A survey on conventional and learning‐based methods for multi‐view stereo
Elisavet Konstantina Stathopoulou, Fabio Remondino- Earth and Planetary Sciences (miscellaneous)
- Computers in Earth Sciences
- Computer Science Applications
- Engineering (miscellaneous)
Abstract
3D reconstruction of scenes using multiple images, relying on robust correspondence search and depth estimation, has been thoroughly studied for the two‐view and multi‐view scenarios in recent years. Multi‐view stereo (MVS) algorithms aim to generate a rich, dense 3D model of the scene in the form of a dense point cloud or a triangulated mesh. In a typical MVS pipeline, the robust estimations for the camera poses along with the sparse points obtained from structure from motion (SfM) are used as input. During this process, the depth of generally every pixel of the scene is to be calculated.
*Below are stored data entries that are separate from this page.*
(* For all $G,G'\in c(\mathbb Z_{\ge0},C(\mathbb Z_s))$, $$T_W(G)T_W(G')-T_W(GG')\in\mathcal K(H)_{\mathrm{inv}}.$$
   Context: Fix an integer $s\ge2$; $\mathbb Z_s$ is the compact ring of $s$-adic integers. Let $\mathcal V=\{(n,x): n\in\mathbb Z_{\ge0},\ x\in\mathbb Z,\ 0\le x<s^n\}$, $H=\ell^2(\mathcal V)$ with orthonormal basis $\{E_{(n,x)}\}$, $M_fE_{(n,x)}=f(x)E_{(n,x)}$. The Serre shift is the isometry $WE_{(n,x)}=\frac1{\sqrt s}\sum_{j=0}^{s-1}E_{(n+1,x+js^n)}$. Let $\mathcal P_0=I-WW^*$ and $\mathcal P_n=W^n\mathcal P_0(W^* )^n$ (mutually orthogonal projections). $c(\mathbb Z_{\ge0},C(\mathbb Z_s))\cong c(\mathbb Z_{\ge0})\otimes C(\mathbb Z_s)$ is the C$^*$-algebra of sequences $G=(g_n)_{n\ge0}$ in $C(\mathbb Z_s)$ converging uniformly to $g_\infty$, with pointwise product. $T_W(G)=\sum_{n=0}^\infty\mathcal P_n(M_{g_n}-M_{g_\infty})\mathcal P_n+M_{g_\infty}$ (norm convergent). $\mathcal K(H)_{\mathrm{inv}}$ is the set of compact operators fixed by the gauge action $\rho_\theta(a)=\mathcal U_\theta a\,\mathcal U_\theta^{-1}$, $\mathcal U_\theta E_{(n,x)}=e^{2\pi in\theta}E_{(n,x)}$. *)

theory Defs
  imports "HOL-Analysis.Analysis"
begin

text \<open>Z_s is modelled as digit sequences (i-th s-adic digit), i.e. the product of countably
many copies of the discrete space {0..<s}, with the product topology.\<close>

definition Zs_top :: "nat \<Rightarrow> (nat \<Rightarrow> nat) topology" where
  "Zs_top s = product_topology (\<lambda>_. discrete_topology {..<s}) UNIV"

definition zs_of :: "nat \<Rightarrow> nat \<Rightarrow> (nat \<Rightarrow> nat)" where
  "zs_of s x = (\<lambda>i. (x div s ^ i) mod s)"

definition cseq :: "nat \<Rightarrow> (nat \<Rightarrow> (nat \<Rightarrow> nat) \<Rightarrow> complex) \<Rightarrow> bool" where
  "cseq s g \<longleftrightarrow> (\<forall>n. continuous_map (Zs_top s) euclidean (g n)) \<and>
     (\<exists>L. continuous_map (Zs_top s) euclidean L \<and>
        (\<forall>e>0. \<exists>N. \<forall>n\<ge>N. \<forall>z\<in>topspace (Zs_top s). cmod (g n z - L z) < e))"

definition glim :: "(nat \<Rightarrow> (nat \<Rightarrow> nat) \<Rightarrow> complex) \<Rightarrow> (nat \<Rightarrow> nat) \<Rightarrow> complex" where
  "glim g = (\<lambda>z. lim (\<lambda>n. g n z))"

definition Vset :: "nat \<Rightarrow> (nat \<times> nat) set" where
  "Vset s = {(n, x). x < s ^ n}"

definition inH :: "nat \<Rightarrow> (nat \<times> nat \<Rightarrow> complex) \<Rightarrow> bool" where
  "inH s v \<longleftrightarrow> (\<forall>p. p \<notin> Vset s \<longrightarrow> v p = 0) \<and> (\<lambda>p. (cmod (v p))\<^sup>2) summable_on UNIV"

definition l2norm :: "(nat \<times> nat \<Rightarrow> complex) \<Rightarrow> real" where
  "l2norm v = sqrt (\<Sum>\<^sub>\<infinity>p. (cmod (v p))\<^sup>2)"

type_synonym op = "(nat \<times> nat \<Rightarrow> complex) \<Rightarrow> (nat \<times> nat \<Rightarrow> complex)"

text \<open>Serre shift W (coordinate form of W E_(n,x) = s^(-1/2) \<Sum>_j E_(n+1, x + j s^n))
and its adjoint W*.\<close>
definition Wop :: "nat \<Rightarrow> op" where
  "Wop s v = (\<lambda>(m, y). if m = 0 \<or> s ^ m \<le> y then 0
                       else v (m - 1, y mod s ^ (m - 1)) / complex_of_real (sqrt (real s)))"

definition Wadj :: "nat \<Rightarrow> op" where
  "Wadj s v = (\<lambda>(n, x). if s ^ n \<le> x then 0
                       else (\<Sum>j<s. v (n + 1, x + j * s ^ n)) / complex_of_real (sqrt (real s)))"

definition P0 :: "nat \<Rightarrow> op" where
  "P0 s v = v - Wop s (Wadj s v)"

definition Pn :: "nat \<Rightarrow> nat \<Rightarrow> op" where
  "Pn s n = (Wop s ^^ n) \<circ> P0 s \<circ> (Wadj s ^^ n)"

definition Mop :: "nat \<Rightarrow> ((nat \<Rightarrow> nat) \<Rightarrow> complex) \<Rightarrow> op" where
  "Mop s f v = (\<lambda>(n, x). f (zs_of s x) * v (n, x))"

text \<open>T_W(G) = \<Sum>_n P_n (M_{g_n} - M_{g_\<infinity>}) P_n + M_{g_\<infinity>}; the (norm convergent) series
is evaluated coordinatewise, which gives the same operator.\<close>
definition TW :: "nat \<Rightarrow> (nat \<Rightarrow> (nat \<Rightarrow> nat) \<Rightarrow> complex) \<Rightarrow> op" where
  "TW s g v = (\<lambda>p. (\<Sum>n. Pn s n (Mop s (g n) (Pn s n v) - Mop s (glim g) (Pn s n v)) p)
                   + Mop s (glim g) v p)"

definition compact_op :: "nat \<Rightarrow> op \<Rightarrow> bool" where
  "compact_op s T \<longleftrightarrow>
     (\<forall>v. inH s v \<longrightarrow> inH s (T v)) \<and>
     (\<forall>u v (a::complex) (b::complex). inH s u \<longrightarrow> inH s v \<longrightarrow>
        T (\<lambda>p. a * u p + b * v p) = (\<lambda>p. a * T u p + b * T v p)) \<and>
     (\<forall>(vs :: nat \<Rightarrow> nat \<times> nat \<Rightarrow> complex) (B::real). (\<forall>k. inH s (vs k) \<and> l2norm (vs k) \<le> B) \<longrightarrow>
        (\<exists>(r :: nat \<Rightarrow> nat) w. strict_mono r \<and> inH s w \<and> (\<lambda>k. l2norm (T (vs (r k)) - w)) \<longlonglongrightarrow> 0))"

definition Uop :: "real \<Rightarrow> op" where
  "Uop \<theta> v = (\<lambda>(n, x). cis (2 * pi * real n * \<theta>) * v (n, x))"

definition compact_inv :: "nat \<Rightarrow> op \<Rightarrow> bool" where
  "compact_inv s T \<longleftrightarrow> compact_op s T \<and>
     (\<forall>\<theta> v. inH s v \<longrightarrow> Uop \<theta> (T (Uop (- \<theta>) v)) = T v)"

end

theory Submission
  imports Defs "HOL-Library.Diagonal_Subsequence"
begin

text \<open>The Serre shift, the projections \<open>P\<^sub>n\<close> and the operators \<open>M\<^sub>f\<close> all preserve the levels
\<open>H\<^sub>m = \<ell>\<^sup>2({0..<s\<^sup>m})\<close>. On level \<open>m\<close>, \<open>P\<^sub>n\<close> is the martingale difference \<open>D\<^sub>m\<^sub>-\<^sub>n\<close> of the
filtration by the residues \<open>y mod s\<^sup>k\<close>, so \<open>T\<^sub>W(G)\<close> acts on \<open>H\<^sub>m\<close> as
\<open>\<Sum>\<^sub>k D\<^sub>k M\<^bsub>g\<^sub>m\<^sub>-\<^sub>k - g\<^sub>\<infinity>\<^esub> D\<^sub>k + M\<^bsub>g\<^sub>\<infinity>\<^esub>\<close>. If all symbols depend only on the first \<open>K\<close> \<open>s\<close>-adic
digits and \<open>g\<^sub>n = g\<^sub>\<infinity>\<close> for \<open>n \<ge> N\<close>, they commute with \<open>D\<^sub>k\<close> for \<open>k > K\<close> and the semicommutator
vanishes on all levels \<open>m \<ge> N + K\<close>. Continuous symbols on the compact space \<open>\<int>\<^sub>s\<close> are uniform
limits of such symbols, so the level norms of the semicommutator tend to \<open>0\<close>. An operator
acting levelwise with level norms tending to \<open>0\<close> is compact, and being levelwise it commutes
with the gauge action.\<close>

section \<open>Averaging over s-adic residue classes\<close>

definition res_class :: "nat \<Rightarrow> nat \<Rightarrow> nat \<Rightarrow> nat \<Rightarrow> nat set" where
  "res_class s m k y = {y'. y' < s^m \<and> y' mod s^k = y mod s^k}"

definition cond_exp :: "nat \<Rightarrow> nat \<Rightarrow> nat \<Rightarrow> (nat \<Rightarrow> complex) \<Rightarrow> nat \<Rightarrow> complex" where
  "cond_exp s m k u y = (if y < s^m then (\<Sum>y'\<in>res_class s m k y. u y') / of_nat (s^(m-k)) else 0)"

definition mart_diff :: "nat \<Rightarrow> nat \<Rightarrow> nat \<Rightarrow> (nat \<Rightarrow> complex) \<Rightarrow> nat \<Rightarrow> complex" where
  "mart_diff s m k u y = cond_exp s m k u y - (if k = 0 then 0 else cond_exp s m (k-1) u y)"

lemma finite_res_class [simp]: "finite (res_class s m k y)"
  unfolding res_class_def by auto

lemma mod_eq_power_le: "j \<le> k \<Longrightarrow> a mod s^k = b mod (s::nat)^k \<Longrightarrow> a mod s^j = b mod s^j"
  by (metis le_imp_power_dvd mod_mod_cancel)

lemma res_class_eq_image:
  assumes "0 < s" "k \<le> m"
  shows "res_class s m k y = (\<lambda>j. y mod s^k + j * s^k) ` {..<s^(m-k)}"
proof
  have sm: "s^m = s^(m-k) * s^k" using assms by (simp add: power_add[symmetric])
  show "res_class s m k y \<subseteq> (\<lambda>j. y mod s^k + j * s^k) ` {..<s^(m-k)}"
  proof
    fix y' assume "y' \<in> res_class s m k y"
    hence y': "y' < s^m" "y' mod s^k = y mod s^k" by (auto simp: res_class_def)
    have "y' div s^k < s^(m-k)" using y'(1) sm assms
      by (simp add: div_less_iff_less_mult)
    moreover have "y' = y mod s^k + (y' div s^k) * s^k" using y'(2)
      by (metis mod_div_mult_eq add.commute)
    ultimately show "y' \<in> (\<lambda>j. y mod s^k + j * s^k) ` {..<s^(m-k)}" by blast
  qed
  show "(\<lambda>j. y mod s^k + j * s^k) ` {..<s^(m-k)} \<subseteq> res_class s m k y"
  proof
    fix y' assume "y' \<in> (\<lambda>j. y mod s^k + j * s^k) ` {..<s^(m-k)}"
    then obtain j where j: "j < s^(m-k)" "y' = y mod s^k + j * s^k" by auto
    have "y mod s^k < s^k" using assms by simp
    hence "y' < (j+1) * s^k" using j by simp
    also have "\<dots> \<le> s^(m-k) * s^k" using j by (intro mult_right_mono) auto
    finally have "y' < s^m" using sm by simp
    moreover have "y' mod s^k = y mod s^k" using j by simp
    ultimately show "y' \<in> res_class s m k y" by (simp add: res_class_def)
  qed
qed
Several methods, either conventional or, more recently, learning‐based have been developed for solving the correspondence search problem. A vast amount of research exists in the literature using local, global or semi‐global stereomatching approaches, with the PatchMatch algorithm being among the most popular and efficient conventional ones in the last decade. Yet, and despite the widespread evolution of the algorithms, yielding complete, accurate and aesthetically pleasing 3D representations of a scene remains an open issue in real‐world and large‐scale photogrammetric applications. This work aims to provide a concrete survey on the most widely used MVS methods, investigating underlying concepts and challenges. To this end, the theoretical background and relative literature are discussed for both conventional and learning‐based approaches, with a particular focus on close‐range 3D reconstruction applications.